Unconfigured Ad

Collapse
X
 
  • Filter
  • Time
  • Show
Clear All
new posts
  • guilhem
    Member
    • Feb 2016
    • 10

    Clip adapter Hisat2

    Hi,

    I am processing analysis on reads obtained from ribosome profiling experiments.
    I need first to clip adapter before mapping my reads.
    This step, however, is very time consuming with fastx_clipper.
    I am wondering if there is any other way to it faster, for instance directly into hisat2 would be awesome.
    Thanks for your advises,

    G
  • GenoMax
    Senior Member
    • Feb 2008
    • 7142

    #2
    Look at BBDuk.sh from BBMap. It should be intuitive to use and fast. You would want to process paired-end data files together if you have that kind of data.

    Comment

    • guilhem
      Member
      • Feb 2016
      • 10

      #3
      Thank GenoMax.
      I saw this interesting post before posting. I was just wondering before trying this if hisat2 can have natively this function since I saw it can trim and 'soft clip' -- which I thought was similar to clipping adapters.

      Comment

      • GenoMax
        Senior Member
        • Feb 2008
        • 7142

        #4
        Soft-clipping won't actually remove data. In that sense it is not the same thing as clipping adapter sequences using a dedicated trimming program.

        Comment

        • guilhem
          Member
          • Feb 2016
          • 10

          #5
          Thanks a lot for the link. So, it seems that I would need to clip in an additional step before mapping with hisat2. I am gonna use BBDuk.sh thanks GenoMax!

          Comment

          • GenoMax
            Senior Member
            • Feb 2008
            • 7142

            #6
            You don't have to trim but if you need clean sequence files then a pass through the trimming program would keep that data available.

            Comment

            • guilhem
              Member
              • Feb 2016
              • 10

              #7
              But if I do not clip the adapters, mapping will be biased by the adapter sequence, won't it?

              Comment

              • GenoMax
                Senior Member
                • Feb 2008
                • 7142

                #8
                If the adapter contamination is short/minimal then the aligner should be able to manage but if you know you have short inserts/adapter dimers etc then it would be best to trim independently. I like to pass all data through a trimming program. If there is no contamination then only thing invested is a bit of time.
                Last edited by GenoMax; 02-19-2016, 09:10 AM.

                Comment

                • guilhem
                  Member
                  • Feb 2016
                  • 10

                  #9
                  My adapter is CTGTAGGCACCATCAAT -- quite long I think. My reads are about 30 nt after clipping. And I need to perfect mapping (no mismatch) so I think clipping is necessary here. I am trying the software you adviced me, thanks GenoMax!

                  Comment

                  • GenoMax
                    Senior Member
                    • Feb 2008
                    • 7142

                    #10
                    What was the original read length (if post clip is 30 bp)? Is this miRNA data?

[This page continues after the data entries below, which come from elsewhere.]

definition peval :: "nat \<Rightarrow> ((nat \<Rightarrow> nat) \<Rightarrow> 'a::field) \<Rightarrow> (nat \<Rightarrow> 'a) \<Rightarrow> 'a" where
  "peval n c x = (\<Sum>e\<in>{e. c e \<noteq> 0}. c e * (\<Prod>i<n. x i ^ e i))"

definition vappend :: "nat \<Rightarrow> nat \<Rightarrow> (nat \<Rightarrow> 'a) \<Rightarrow> (nat \<Rightarrow> 'a) \<Rightarrow> nat \<Rightarrow> 'a" where
  "vappend m k a y = (\<lambda>i. if i < m then a i else if i < m + k then y (i - m) else undefined)"

definition mat_rank :: "'r set \<Rightarrow> 'c set \<Rightarrow> ('r \<Rightarrow> 'c \<Rightarrow> 'a::field) \<Rightarrow> nat" where
  "mat_rank R Cs M = Max {card J | J. J \<subseteq> Cs \<and> finite J \<and>
      (\<forall>a. (\<forall>r\<in>R. (\<Sum>j\<in>J. a j * M r j) = 0) \<longrightarrow> (\<forall>j\<in>J. a j = 0))}"

end

theory Submission
  imports Defs "HOL-Computational_Algebra.Polynomial" "HOL-Library.Function_Algebras"
begin

text \<open>Take linearly independent columns J of BC with |J| = rank (BC), and T \<subseteq> G with
  |T| = t = min (d' - |G| + 2) |G|. Write V A for the polynomial vanishing exactly on A and
  \<lambda> b for the Lagrange basis polynomial of K at b. For i \<in> J and g \<in> T^k, pair the vector
  q \<mapsto> D q i \<cdot> \<Prod>j. V (T - {g j}) (q (m + j)) on S with the test vector
  q \<mapsto> \<Prod>i. \<lambda> (\<beta> i) (q i) \<cdot> \<Prod>j. V (G - {g' j}) (q (m + j)). The pairing is the right-hand side of
  the hypothesis for the product polynomial Z = \<Prod>i. \<lambda> (\<beta> i) (X i) \<cdot> \<Prod>j. V (G - {g' j}) (Y j) \<cdot> V (T - {g j}) (Y j),
  which is admissible because (|G| - 1) + (|T| - 1) \<le> d'. On the left-hand side the Lagrange factor
  selects row \<beta> of B, and the sum of V (G - {a}) \<cdot> p over G is the value at a, where
  V (T - {g j}) vanishes unless g j = g' j. So the pairing is a nonzero multiple of
  [g = g'] \<cdot> BC \<beta> i, and the |J| \<cdot> t^k vectors are linearly independent in F^S.\<close>

lemma sum_fun_apply: "(\<Sum>w\<in>A. f w) x = (\<Sum>w\<in>A. f w x)"
  by (induction A rule: infinite_finite_induct) auto

interpretation pointwise: vector_space "\<lambda>(c::'a::field) (f::'q \<Rightarrow> 'a) q. c * f q"
  by unfold_locales (auto simp: fun_eq_iff algebra_simps)

lemma pointwise_span_unit_vectors:
  fixes f :: "'q \<Rightarrow> 'a::field"
  assumes "finite Q" "\<And>q. q \<notin> Q \<Longrightarrow> f q = 0"
  shows "f \<in> pointwise.span ((\<lambda>s q. if q = s then 1 else 0) ` Q)"
proof -
  have "f = (\<Sum>s\<in>Q. (\<lambda>q. f s * (if q = s then 1 else 0)))"
    using assms by (auto simp: fun_eq_iff sum_fun_apply if_distrib cong: if_cong)
  also have "\<dots> \<in> pointwise.span ((\<lambda>s q. if q = s then 1 else 0) ` Q)"
    by (intro pointwise.span_sum pointwise.span_scale pointwise.span_base) auto
  finally show ?thesis .
qed

lemma pointwise_independent_image:
  fixes u :: "'i \<Rightarrow> 'q \<Rightarrow> 'a::field"
  assumes "finite I" "inj_on u I"
    and independent: "\<And>c. \<forall>q. (\<Sum>x\<in>I. c x * u x q) = 0 \<Longrightarrow> \<forall>x\<in>I. c x = 0"
  shows "pointwise.independent (u ` I)"
  unfolding pointwise.independent_explicit_finite_subsets
proof (intro allI impI)
  fix t a assume t: "t \<subseteq> u ` I" "finite t" and zero: "(\<Sum>w\<in>t. (\<lambda>q. a w * w q)) = 0"
  define c where "c x = (if u x \<in> t then a (u x) else 0)" for x
  have "(\<Sum>x\<in>I. c x * u x q) = 0" for q
  proof -
    have "(\<Sum>x\<in>I. c x * u x q) = (\<Sum>x\<in>I \<inter> u -` t. a (u x) * u x q)"
      using \<open>finite I\<close> by (intro sum.mono_neutral_cong_right) (auto simp: c_def)
    also have "\<dots> = (\<Sum>w\<in>u ` (I \<inter> u -` t). a w * w q)"
      using \<open>inj_on u I\<close> by (subst sum.reindex) (auto intro: inj_on_subset)
    also have "u ` (I \<inter> u -` t) = t" using t by auto
    finally show ?thesis using zero by (simp add: sum_fun_apply fun_eq_iff)
  qed
  then have "\<forall>x\<in>I. c x = 0" using independent by blast
  then show "\<forall>w\<in>t. a w = 0"
    using t unfolding c_def by (metis (no_types, lifting) image_iff subsetD)
qed

lemma card_le_card_if_independent:
  fixes v :: "'i \<Rightarrow> 'q \<Rightarrow> 'a::field"
  assumes "finite I" "finite Q"
    and independent: "\<And>c. \<forall>q\<in>Q. (\<Sum>x\<in>I. c x * v x q) = 0 \<Longrightarrow> \<forall>x\<in>I. c x = 0"
  shows "card I \<le> card Q"
proof -
  define u where "u x q = (if q \<in> Q then v x q else 0)" for x q
  have combination_zero: "\<forall>x\<in>I. c x = 0" if zero: "\<forall>q. (\<Sum>x\<in>I. c x * u x q) = 0" for c
  proof -
    have "(\<Sum>x\<in>I. c x * v x q) = 0" if "q \<in> Q" for q
      using zero[rule_format, of q] that by (simp add: u_def)
    then show ?thesis using independent by blast
  qed
  have inj: "inj_on u I"
  proof (rule inj_onI, rule ccontr)
    fix x y assume xy: "x \<in> I" "y \<in> I" "u x = u y" "x \<noteq> y"
    define c where "c z = (if z = x then 1 else if z = y then -1 else (0::'a))" for z
    have "(\<Sum>z\<in>I. c z * u z q) = (\<Sum>z\<in>{x,y}. c z * u z q)" for q
      using xy \<open>finite I\<close> by (intro sum.mono_neutral_right) (auto simp: c_def)
    then have "\<forall>z\<in>I. c z = 0" using xy by (intro combination_zero) (simp add: c_def)
    then have "c x = 0" using xy(1) by blast
    then show False by (simp add: c_def)
  qed
  define unit_vector where "unit_vector s = (\<lambda>q. if q = s then 1 else (0::'a))" for s :: 'q
  have "u ` I \<subseteq> pointwise.span (unit_vector ` Q)"
    unfolding unit_vector_def
    by (rule image_subsetI, rule pointwise_span_unit_vectors[OF \<open>finite Q\<close>]) (simp add: u_def)
  then have "card (u ` I) \<le> card (unit_vector ` Q)"
    using pointwise.independent_span_bound[OF finite_imageI[OF \<open>finite Q\<close>]
        pointwise_independent_image[OF \<open>finite I\<close> inj combination_zero]] by blast
  also have "\<dots> \<le> card Q" using \<open>finite Q\<close> card_image_le by blast
  finally show ?thesis using card_image[OF inj] by simp
qed

lemma family_independent_by_test_vectors:
  fixes v :: "'i \<times> 'g \<Rightarrow> 'q \<Rightarrow> 'a::field" and w :: "'r \<Rightarrow> 'g \<Rightarrow> 'q \<Rightarrow> 'a"
  assumes "finite J" "finite P"
    and pairing: "\<And>i g r g'. i \<in> J \<Longrightarrow> g \<in> P \<Longrightarrow> r \<in> R \<Longrightarrow> g' \<in> P \<Longrightarrow>
      (\<Sum>q\<in>S. v (i, g) q * w r g' q) = (if g = g' then \<kappa> g' else 0) * M r i"
    and "\<And>g. g \<in> P \<Longrightarrow> \<kappa> g \<noteq> 0"
    and columns_independent: "\<And>a. \<forall>r\<in>R. (\<Sum>i\<in>J. a i * M r i) = 0 \<Longrightarrow> \<forall>i\<in>J. a i = 0"
    and combination_zero: "\<forall>q\<in>S. (\<Sum>x\<in>J \<times> P. c x * v x q) = 0"
  shows "\<forall>x\<in>J \<times> P. c x = 0"
proof (intro ballI)
  fix x assume "x \<in> J \<times> P"
  then obtain i0 g0 where x: "x = (i0, g0)" "i0 \<in> J" "g0 \<in> P" by blast
  have "\<kappa> g0 * (\<Sum>i\<in>J. c (i, g0) * M r i) = 0" if "r \<in> R" for r
  proof -
    have "0 = (\<Sum>q\<in>S. (\<Sum>x\<in>J \<times> P. c x * v x q) * w r g0 q)"
      using combination_zero by simp
    also have "\<dots> = (\<Sum>x\<in>J \<times> P. c x * (\<Sum>q\<in>S. v x q * w r g0 q))"
      by (simp only: sum_distrib_left sum_distrib_right mult.assoc) (rule sum.swap)
    also have "\<dots> = (\<Sum>i\<in>J. \<Sum>g\<in>P. c (i, g) * (\<Sum>q\<in>S. v (i, g) q * w r g0 q))"
      by (simp add: sum.cartesian_product)
    also have "\<dots> = (\<Sum>i\<in>J. \<Sum>g\<in>P. if g = g0 then c (i, g0) * (\<kappa> g0 * M r i) else 0)"
      using x that by (intro sum.cong refl) (simp add: pairing)
    also have "\<dots> = \<kappa> g0 * (\<Sum>i\<in>J. c (i, g0) * M r i)"
      using x \<open>finite P\<close> by (simp add: sum_distrib_left mult_ac)
    finally show ?thesis by simp
  qed
  then have "\<forall>i\<in>J. c (i, g0) = 0"
    using assms(4)[OF x(3)] by (intro columns_independent) simp
  then show "c x = 0" using x by simp
qed

lemma mat_rank_attained:
  fixes M :: "'r \<Rightarrow> 'c \<Rightarrow> 'a::field"
  assumes "finite Cs"
  obtains J where "J \<subseteq> Cs" "card J = mat_rank R Cs M"
    and "\<And>a. \<forall>r\<in>R. (\<Sum>j\<in>J. a j * M r j) = 0 \<Longrightarrow> \<forall>j\<in>J. a j = 0"
proof -
  define ranks where "ranks = {card J | J. J \<subseteq> Cs \<and> finite J \<and>
      (\<forall>a. (\<forall>r\<in>R. (\<Sum>j\<in>J. a j * M r j) = 0) \<longrightarrow> (\<forall>j\<in>J. a j = 0))}"
  have "ranks \<subseteq> card ` Pow Cs" unfolding ranks_def by blast
  then have "finite ranks" using assms finite_subset by blast
  moreover have "card {} \<in> ranks" unfolding ranks_def by (rule CollectI, rule exI[of _ "{}"]) simp
  ultimately have "Max ranks \<in> ranks" using Max_in by blast
  then obtain J where "J \<subseteq> Cs" "card J = Max ranks"
    and "\<forall>a. (\<forall>r\<in>R. (\<Sum>j\<in>J. a j * M r j) = 0) \<longrightarrow> (\<forall>j\<in>J. a j = 0)"
    unfolding ranks_def by auto
  then show ?thesis using that unfolding mat_rank_def ranks_def by blast
qed

lemma prod_lessThan_add:
  "(\<Prod>i<m + n. f i) = (\<Prod>i<m. f i) * (\<Prod>j<n::nat. f (m + j) :: 'a::comm_monoid_mult)"
  by (induction n) (auto simp: mult.assoc)

definition tensor_poly :: "nat \<Rightarrow> (nat \<Rightarrow> 'a::field poly) \<Rightarrow> (nat \<Rightarrow> nat) \<Rightarrow> 'a" where
  "tensor_poly n ps e = (if \<forall>i\<ge>n. e i = 0 then \<Prod>i<n. coeff (ps i) (e i) else 0)"

lemma tensor_poly_nonzero_exponent:
  assumes "tensor_poly n ps e \<noteq> 0"
  shows "\<forall>i<n. e i \<le> degree (ps i)" and "\<forall>i\<ge>n. e i = 0"
  using assms le_degree by (auto simp: tensor_poly_def split: if_splits)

                    Comment

                    • guilhem
                      Member
                      • Feb 2016
                      • 10

                      #11
                      After clipping the read length is around 30nt. This is ribo-seq data (ribosomal footprint: RNA-seq covered by ribosome).

                      Comment

                      • Brian Bushnell
                        Super Moderator
                        • Jan 2014
                        • 2709

                        #12
                        If you need perfect mapping, then absolutely, adapter-trimming is crucial. In general, requiring perfect mapping will incur sequence-dependent bias (as sequencing error rates are sequence-dependent), but that's more of an issue with long reads and may not matter with 30bp reads. Still, it also might matter since ribosomal sequences are typically low-diversity which makes them especially susceptible to sequence-dependent errors.

                        So... why are you requiring perfect mapping?

                        Comment

                        • guilhem
                          Member
                          • Feb 2016
                          • 10

                          #13
                          Thanks Brian.
                          I am not very familiar with NGS data analysis so I tried to apply the exact protocol described in the original paper: Ribosome profiling is a technique to track the translation pausing (Ingolia 2009). In fact, we freeze the translation at a t time and digest the uncover messenger RNA. Then, we obtained only footprint of the ribosome -- part of the messenger covers by the ribosome. These footprints are sequenced and I use the SRA data from these sequencing.
                          In the original method introduced by Ingolia et al. 2009, they clipped the adapter, mapped to the genome assembly and they keep only reads with a perfect match (retains only NM tag = 0).

                          I am not very familiar with NGS data so, I tried to respect closely the original protocol. I have just switched to hisat2 since I found bowtie2 and tophat rather slow.

                          Comment

                          • GenoMax
                            Senior Member
                            • Feb 2008
                            • 7142

                            #14
                            You should add BBMap alignment as well. I wonder what fraction of your reads would be straight alignment and what fraction would have a splice site, with just 30 nt to work with. @Brian may have a suggestion about parameters to use with BBMap.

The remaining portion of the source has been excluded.